*** Material shown Section Begins ***

(* Suppose Assumption 2 holds with nonnegative functions $a,b$ on $\mathbb{X}$. For $N\ge1$ define \[ K_N(x_1)=\sum_{n=1}^N\frac1{(n-1)!}\int\mathrm{d}|\mu|(x_2)\cdots\int\mathrm{d}|\mu|(x_n)\prod_{i=1}^n e^{2b(x_i)}\sum_{G\in\mathcal{T}_n}\prod_{\{i,j\}\in G}|\zeta(x_i,x_j)| \] (the $n=1$ term being $e^{2b(x_1)}$). Then for every $N\ge1$ and almost all $x\in\mathbb{X}$, $K_N(x)\le e^{a(x)+2b(x)}$.
   Context: $(\mathbb{X},\mathcal{X},\mu)$ is a measure space with complex measure $\mu$ and total variation $|\mu|$; $\zeta$ is a complex measurable symmetric function on $\mathbb{X}\times\mathbb{X}$. $b$ is a nonnegative measurable function on $\mathbb{X}$. Assumption 2: $a$ is a nonnegative function on $\mathbb{X}$ such that $\int\mathrm{d}|\mu|(y)\,|\zeta(x,y)|\,e^{a(y)+2b(y)}\le a(x)$ for almost all $x$. $\mathcal{T}_n$ is the set of trees on vertex set $\{1,\dots,n\}$, products over edges. *)

theory Defs
  imports "HOL-Analysis.Analysis"
begin

text \<open>Simple graphs on a vertex set of naturals, edges as two-element sets.\<close>

definition adj :: "nat set set \<Rightarrow> (nat \<times> nat) set" where
  "adj E = {(i, j). {i, j} \<in> E}"

text \<open>A tree on V: a simple graph on V which is connected and acyclic
  (acyclic = no edge lies on a cycle, i.e. removing any edge disconnects its endpoints).\<close>

definition is_tree :: "nat set \<Rightarrow> nat set set \<Rightarrow> bool" where
  "is_tree V E \<longleftrightarrow>
     E \<subseteq> {{i, j} | i j. i \<in> V \<and> j \<in> V \<and> i \<noteq> j} \<and>
     (\<forall>i\<in>V. \<forall>j\<in>V. (i, j) \<in> (adj E)\<^sup>*) \<and>
     (\<forall>e\<in>E. \<forall>i j. e = {i, j} \<longrightarrow> (i, j) \<notin> (adj (E - {e}))\<^sup>*)"

definition trees :: "nat \<Rightarrow> nat set set set" where
  "trees n = {E. is_tree {1..n} E}"

text \<open>K_N(x1): the n-th term integrates over x_2..x_n w.r.t. the product of
  the total variation measure M = |mu|; the vector (x_1,...,x_n) is y(1 := x1).
  Edges {i,j} are evaluated as |zeta(x_min, x_max)| (zeta is symmetric).\<close>

definition K :: "'a measure \<Rightarrow> ('a \<Rightarrow> 'a \<Rightarrow> complex) \<Rightarrow> ('a \<Rightarrow> real) \<Rightarrow> nat \<Rightarrow> 'a \<Rightarrow> ennreal" where
  "K M \<zeta> b N x1 =
     (\<Sum>n = 1..N. ennreal (1 / fact (n - 1)) *
        (\<integral>\<^sup>+ y. ennreal
            ((\<Prod>i = 1..n. exp (2 * b ((y(1 := x1)) i))) *
             (\<Sum>G\<in>trees n. \<Prod>e\<in>G. cmod (\<zeta> ((y(1 := x1)) (Min e)) ((y(1 := x1)) (Max e)))))
         \<partial>(PiM {2..n} (\<lambda>_. M))))"

end

theory Submission
  imports Defs
begin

*** Material shown Section Ends ***

What needs duplicating is the run of lines from the one containing "(\<Sum>G\<in>trees n. \<Prod>e\<in>G." through the last line of the entries above, exact and complete.

             (\<Sum>G\<in>trees n. \<Prod>e\<in>G. cmod (\<zeta> ((y(1 := x1)) (Min e)) ((y(1 := x1)) (Max e)))))
         \<partial>(PiM {2..n} (\<lambda>_. M))))"

end

theory Submission
  imports Defs
begin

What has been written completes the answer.